Avian infectious bronchitis virus (AIBV), a member of the single-stranded, positive-sense RNA virus family Coronaviridae, infects domestic chickens and causes major economic losses to the poultry industry worldwide [15]. AIBV causes disease in the upper respiratory tract, but it can also infect other organs such as the kidney and gonads [2]. Turkey coronavirus (TCoV), which causes acute enteric disease in turkeys and consequent economic loss, is closely related to AIBV [6]. Sequence analysis has suggested that recombination may have played a key role in the evolutionary origin of TCoV. Because the spike proteins of TCoV isolates were much more divergent from those of AIBV than were other TCoV proteins, Jackwood and colleagues [7] proposed that TCoV arose through a recombination event involving replacement of the S gene (encoding the spike or S protein) of an AIBV genome with one derived from a more distant, unidentified coronavirus.

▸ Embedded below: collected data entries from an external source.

section \<open>The certificate for r2\<close>

definition cert_relations :: "dilog_relation list" where
  "cert_relations = [
    Five_Term (-2) [5, -1, -1, 0, 0, 1] [1, 0, 0, -1, 1, 0]
      [5, -1, -1, 0, 0, 1] [1, 0, 0, -1, 1, 0] [1, 0, 0, -2, 2, 0],
    Reflection 7 [-11, 3, 2, -6, 0, 0] [-13, 3, 2, -6, 0, 0],
    Five_Term (-7) [5, -1, -1, 2, 0, 1] [2, 0, 0, 0, 0, 0]
      [-13, 3, 2, -6, 0, 0] [-11, 3, 2, -6, 0, 0] [-11, 3, 2, -6, 1, 0],
    Five_Term 1 [0, 0, 0, 0, -1, 0] [0, 0, 0, 0, -1, 0]
      [5, -1, -1, 2, 0, 1] [2, 0, 0, 0, 0, 0] [13, -3, -2, 6, -1, 0],
    Reflection 2 [12, -3, -2, 6, -3, 0] [21, -5, -4, 8, -3, 2],
    Reflection 2 [1, 0, 0, -2, 1, 0] [13, -3, -2, 4, 0, 0],
    Reflection (-2) [10, -2, -2, 0, 0, 2] [1, 0, 0, -2, 2, 0],
    Five_Term 2 [1, 0, 0, -2, 2, 0] [10, -2, -2, 0, 0, 2]
      [12, -3, -2, 6, -2, 0] [13, -3, -2, 4, -2, 0] [1, 0, 0, -2, 1, 0],
    Five_Term (-2) [1, 0, 0, 0, 0, 0] [5, -1, -1, 1, 0, 1]
      [12, -3, -2, 6, -3, 0] [21, -5, -4, 8, -3, 2] [16, -4, -3, 7, -3, 1],
    Reflection (-4) [1, 0, 0, -1, 0, 0] [0, 0, 0, -1, 0, 0],
    Five_Term 2 [0, 0, 0, -1, 0, 0] [1, 0, 0, -1, 0, 0]
      [-8, 2, 1, -4, 0, 1] [-11, 3, 2, -6, 1, 0] [-12, 3, 2, -5, 0, 0],
    Five_Term 8 [-8, 2, 1, -2, 0, 0] [-2, 1, 0, -2, 0, 1]
      [0, 0, 0, -2, 0, 1] [2, 0, 0, -2, 0, 0] [-11, 3, 2, -6, 1, 0],
    Reflection (-4) [-12, 3, 2, -5, 0, 0] [-8, 2, 1, -5, 0, 1],
    Reflection (-4) [2, 0, 0, 0, 0, -1] [8, -2, -1, 3, 0, -1],
    Five_Term 4 [-12, 3, 2, -5, 0, 0] [-8, 2, 1, -5, 0, 1]
      [8, -2, -1, 3, 0, -1] [2, 0, 0, 0, 0, -1] [-12, 3, 2, -4, 1, -1],
    Reflection (-2) [5, -1, -1, 1, -1, 1] [0, 0, 0, 1, -1, 0],
    Reflection (-4) [2, 0, 0, -2, 0, 0] [0, 0, 0, -2, 0, 1],
    Five_Term (-2) [-12, 3, 2, -5, 1, 0] [-7, 2, 1, -3, 0, 0]
      [12, -3, -2, 6, -2, 0] [13, -3, -2, 4, -2, 0] [5, -1, -1, 1, -1, 1],
    Reflection (-6) [-7, 2, 1, -3, 0, 0] [-12, 3, 2, -5, 1, 0],
    Five_Term 1 [1, 0, 0, 0, 0, 0] [5, -1, -1, 1, 0, 1]
      [1, 0, 0, 0, 0, 0] [5, -1, -1, 1, 0, 1] [5, -1, -1, 2, 0, 1],
    Reflection (-4) [2, 0, 0, -2, 1, 0] [8, -2, -1, 1, 0, 0],
    Five_Term (-4) [0, 0, 0, 2, -1, -1] [8, -2, -1, 3, -1, -1]
      [0, 0, 0, -2, 0, 1] [2, 0, 0, -2, 0, 0] [0, 0, 0, 0, -1, 0],
    Reflection 16 [2, 0, 0, 0, 0, 0] [5, -1, -1, 2, 0, 1],
    Reflection 4 [2, 0, 0, -1, 0, 0] [-4, 1, 1, -3, 1, 0],
    Five_Term 4 [5, -1, -1, 2, -1, 0] [9, -2, -2, 4, -1, 1]
      [-4, 1, 1, -3, 1, 0] [2, 0, 0, -1, 0, 0] [0, 0, 0, -1, 0, 0],
    Reflection 2 [4, -1, 0, 0, 0, -1] [4, -1, 0, 1, 0, -1],
    Five_Term (-8) [-8, 2, 1, -2, 0, 0] [-2, 1, 0, -2, 0, 1]
      [-4, 1, 1, -3, 1, 0] [2, 0, 0, -1, 0, 0] [-7, 2, 1, -3, 0, 0],
    Reflection (-2) [1, 0, 0, 2, -1, -1] [8, -2, -1, 5, -1, -1],
    Five_Term (-2) [1, 0, 0, -2, 1, 1] [9, -2, -1, 2, 0, 0]
      [3, -1, 0, 3, -1, -2] [5, -1, 0, 2, -1, -2] [4, -1, 0, 0, 0, -1],
    Reflection 2 [1, 0, 0, 2, 0, -1] [-4, 1, 1, 0, 0, -1],
    Five_Term (-2) [0, 0, 0, -2, 0, 0] [-3, 1, 0, -2, 0, 1]
      [-4, 1, 1, 0, 0, -1] [1, 0, 0, 2, 0, -1] [-12, 3, 2, -4, 1, -1],
    Five_Term 2 [4, -1, 0, 1, 0, -1] [4, -1, 0, 0, 0, -1]
      [0, 0, 0, -1, 0, 0] [1, 0, 0, -1, 0, 0] [4, -1, 0, 1, 0, -1],
    Five_Term (-2) [1, 0, 0, 2, 0, -1] [-4, 1, 1, 0, 0, -1]
      [-8, 2, 1, -5, 0, 1] [-12, 3, 2, -5, 0, 0] [-12, 3, 2, -5, 1, 0],
    Reflection 14 [1, 0, 0, 0, 0, 0] [5, -1, -1, 1, 0, 1],
    Five_Term (-10) [0, 0, 0, 0, -1, 0] [0, 0, 0, 0, -1, 0]
      [5, -1, -1, 1, 0, 1] [1, 0, 0, 0, 0, 0] [0, 0, 0, 1, -1, 0],
    Five_Term 2 [13, -3, -2, 6, -3, 0] [16, -4, -3, 7, -3, 1]
      [1, 0, 0, -1, 0, 0] [0, 0, 0, -1, 0, 0] [11, -3, -2, 5, -3, 0],
    Reflection (-4) [-7, 2, 1, -3, 1, 0] [-3, 1, 0, -1, 0, 1],
    Reflection 4 [2, 0, 0, -1, -1, 0] [4, -1, -1, -1, -1, 2],
    Reflection 4 [7, -1, -1, 2, -1, 0] [9, -2, -2, 5, -1, 1],
    Five_Term (-4) [4, -1, -1, -1, -1, 2] [2, 0, 0, -1, -1, 0]
      [9, -2, -2, 5, -1, 1] [7, -1, -1, 2, -1, 0] [14, -3, -2, 5, -2, 0],
    Five_Term (-4) [-7, 2, 1, -3, 1, 0] [-3, 1, 0, -1, 0, 1]
      [0, 0, 0, 0, -1, 0] [0, 0, 0, 0, -1, 0] [-12, 3, 2, -5, 1, 0],
    Five_Term 8 [-8, 2, 1, -5, 0, 1] [-12, 3, 2, -5, 0, 0]
      [5, -1, -1, 1, 0, 1] [1, 0, 0, 0, 0, 0] [-12, 3, 2, -6, 1, 0],
    Five_Term 4 [2, 0, 0, -2, 1, 0] [8, -2, -1, 1, 0, 0]
      [9, -2, -2, 4, -2, 1] [12, -3, -2, 5, -2, 0] [12, -3, -2, 4, -1, 0],
    Reflection (-4) [4, -1, 0, 2, 0, -2] [-8, 2, 2, -4, 2, -2],
    Reflection 8 [1, 0, 0, 1, 0, -1] [-4, 1, 1, -2, 1, -1],
    Five_Term (-4) [-4, 1, 1, -2, 1, -1] [1, 0, 0, 1, 0, -1]
      [-4, 1, 1, -2, 1, -1] [1, 0, 0, 1, 0, -1] [4, -1, 0, 2, 0, -2],
    Reflection (-4) [13, -3, -2, 6, -3, 0] [16, -4, -3, 7, -3, 1],
    Five_Term (-4) [3, -1, 0, 3, -1, -2] [5, -1, 0, 2, -1, -2]
      [13, -3, -3, 4, -2, 3] [14, -3, -2, 5, -2, 0] [13, -3, -2, 6, -3, 0],
    Five_Term 8 [0, 0, 0, 2, -1, -1] [8, -2, -1, 3, -1, -1]
      [9, -2, -2, 2, -1, 2] [13, -3, -2, 4, -1, 0] [12, -3, -2, 5, -2, 0],
    Reflection 4 [-3, 1, 0, -4, 0, 2] [-12, 3, 2, -6, 1, 0],
    Reflection 4 [11, -2, -2, 2, -1, 1] [12, -3, -2, 4, -1, 0],
    Five_Term (-4) [-12, 3, 2, -6, 1, 0] [-3, 1, 0, -4, 0, 2]
      [12, -3, -2, 4, -1, 0] [11, -2, -2, 2, -1, 1] [-3, 1, 0, -2, 0, 1],
    Reflection (-6) [8, -2, -1, 3, -1, -1] [0, 0, 0, 2, -1, -1],
    Five_Term (-6) [4, -1, 0, 1, 0, -1] [4, -1, 0, 0, 0, -1]
      [5, -1, -1, 1, 0, 1] [1, 0, 0, 0, 0, 0] [1, 0, 0, -2, 1, 1],
    Reflection (-6) [9, -2, -1, 2, 0, 0] [1, 0, 0, -2, 1, 1],
    Reflection 1 [14, -3, -2, 5, -3, 0] [11, -3, -2, 5, -3, 0],
    Five_Term (-1) [3, 0, 0, 0, 0, 0] [2, 0, -1, -1, 1, 3]
      [11, -3, -2, 5, -3, 0] [14, -3, -2, 5, -3, 0] [11, -3, -2, 5, -3, 0],
    Five_Term 6 [3, -1, 0, 3, -1, -2] [5, -1, 0, 2, -1, -2]
      [2, 0, -1, -1, 1, 3] [3, 0, 0, 0, 0, 0] [2, 0, 0, 0, 0, 0],
    Five_Term 3 [2, 0, 0, 0, 0, 0] [5, -1, -1, 2, 0, 1]
      [2, 0, 0, 0, 0, 0] [5, -1, -1, 2, 0, 1] [18, -4, -3, 8, 0, 1],
    Reflection (-7) [3, 0, 0, 0, 0, 0] [2, 0, -1, -1, 1, 3]
  ]"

Largely because of interest in the origin of SARS coronavirus, numerous studies have addressed the role of recombination in coronavirus evolution [8]. In the case of AIBV, there has been long-standing interest in recombination among free-living strains [7, 912], and the occurrence of recombination among genotypes has been demonstrated experimentally in vitro [13]. As the genomes of AIBV isolates have been sequenced, several naturally occurring genomes have been reported with novel gene sets and/or gene orders compared to those seen in classic AIBV isolates [14, 15]. The sequences of these genomes show the effects of gene deletion and rearrangement, processes to which recombination may have contributed.

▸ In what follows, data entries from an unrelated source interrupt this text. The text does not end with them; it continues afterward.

(* Let $\mathbb{K}$ be any field and let $1\le k\le m$ be integers. Then $$\mathcal{S}(k)+\mathcal{S}(m)\supseteq\Big\{\alpha=\sum_{n}\alpha_n t^{-n}\in\mathbb{K}((t^{-1})) : \alpha_n=0 \text{ for every integer } 1\le n<\max\{k,\tfrac{m-1}{2}\}\Big\}.$$
   Context: $\mathbb{K}((t^{-1}))$ is the field of formal Laurent series $\alpha=\sum_{n=-\infty}^{\infty}\alpha_n t^{-n}$ over the field $\mathbb{K}$ (only finitely many nonzero $\alpha_n$ with $n<0$), with $\deg\alpha=\sup\{-n:\alpha_n\ne0\}$. Every $\alpha$ has a unique continued fraction expansion $[a_0;a_1,a_2,\dots]$ with $a_n\in\mathbb{K}[t]$, $\deg a_n\ge1$ for $n\ge1$, finite iff $\alpha\in\mathbb{K}(t)$. $a_n(\alpha)$ denotes the $n$-th partial quotient (when defined) and $d_n(\alpha)=\deg a_n(\alpha)$. For $k\ge1$, $\mathcal{S}(k)=\{\alpha\in\mathbb{K}((t^{-1})): d_n(\alpha)\ge k \text{ for every } n\ge1 \text{ for which } a_n(\alpha)\text{ is defined}\}$. *)

theory Defs
  imports "HOL-Computational_Algebra.Formal_Laurent_Series"
begin

(* K((t^{-1})) is modelled as 'a fls with the series variable X = t^{-1}:
   alpha = sum_n alpha_n t^{-n}  corresponds to  fls_nth alpha n = alpha_n.
   Polynomials in t are the series with alpha_n = 0 for n > 0. *)

definition cf_frac :: "'a::field fls \<Rightarrow> 'a fls" where
  "cf_frac f = fps_to_fls (fls_regpart f) - fls_const (fls_nth f 0)"

(* integer (polynomial) part as a polynomial in t: coefficient of t^j is f_{-j} *)
definition cf_intpart :: "'a::field fls \<Rightarrow> 'a poly" where
  "cf_intpart f = fls_prpart f + [: fls_nth f 0 :]"

primrec cf_tail :: "'a::field fls \<Rightarrow> nat \<Rightarrow> 'a fls" where
  "cf_tail f 0 = f"
| "cf_tail f (Suc n) = inverse (cf_frac (cf_tail f n))"

definition cf_defined :: "'a::field fls \<Rightarrow> nat \<Rightarrow> bool" where
  "cf_defined f n = (\<forall>j<n. cf_frac (cf_tail f j) \<noteq> 0)"

definition cf_pq :: "'a::field fls \<Rightarrow> nat \<Rightarrow> 'a poly" where
  "cf_pq f n = cf_intpart (cf_tail f n)"

definition cfS :: "nat \<Rightarrow> 'a::field fls set" where
  "cfS k = {f. \<forall>n\<ge>1. cf_defined f n \<longrightarrow> k \<le> degree (cf_pq f n)}"

end

theory Submission
  imports Defs "HOL-Library.Sublist"
begin

(* Valuations are taken in X = t^{-1}, so val = - deg. Split alpha = P + a with P in K[t] and
   deg a < 0. It suffices to write a = beta + gamma such that the orbits of beta and gamma under
   the Gauss map u |-> frac (1/u) stay in valuation >= k, resp. >= m: these valuations are the
   degrees of the partial quotients.

   The series whose expansion begins with b_1, ..., b_n, followed by a partial quotient of
   degree >= k, include the ball val (e - [0; b_1, ..., b_n]) >= 2 (deg b_1 + ... + deg b_n) + k
   (a cylinder). Build beta and gamma greedily: extend the expansion whose cylinder has the
   smaller radius by the next partial quotient of a minus the other continued fraction. The
   hypothesis on alpha gives the initial slack that keeps the error a - beta_n - gamma_n inside
   both cylinders, and every step preserves it. Either the error vanishes after finitely many
   steps, or both expansions grow forever and converge to the required beta and gamma. *)

definition val_ge :: "'a::zero fls \<Rightarrow> int \<Rightarrow> bool" where
  "val_ge f r \<longleftrightarrow> (\<forall>j<r. fls_nth f j = 0)"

Here I applied phylogenetic methods to sequences of protein-coding genes of 11 classic AIBV genomes and 6 TCoV genomes in order to reconstruct past recombination events among members of these two taxa. I examined the pattern of nucleotide substitution in the S gene in order to test the hypothesis that this gene is subject to an unusually high rate of nucleotide substitution, which might account for the high level of divergence in this region, even in the absence of recombination. In addition, I conducted a phylogenetic analysis of S proteins from a wide variety of coronaviruses in order to test the hypothesis that the S protein of TCoV is derived from a distantly related virus.

Materials and methods

I analyzed 17 representative complete genomes of avian infectious bronchitis virus (AIBV) and turkey coronavirus (TCoV; Table 1). Only genomes including open reading frames corresponding to the 11 protein-coding genes in the AIBV isolate BJ (AY319651) were used so that phylogenies of each gene could be constructed for the same set of genomes, and attenuated laboratory strains were avoided. Sequences of each protein-coding gene (Table 2) were aligned at the amino acid level with the CLUSTAL X program [16], and the alignment was imposed on the DNA sequences. In addition, additional S protein sequences from 37 representative coronaviruses were downloaded from the NCBI protein sequence database and aligned using CLUSTAL X.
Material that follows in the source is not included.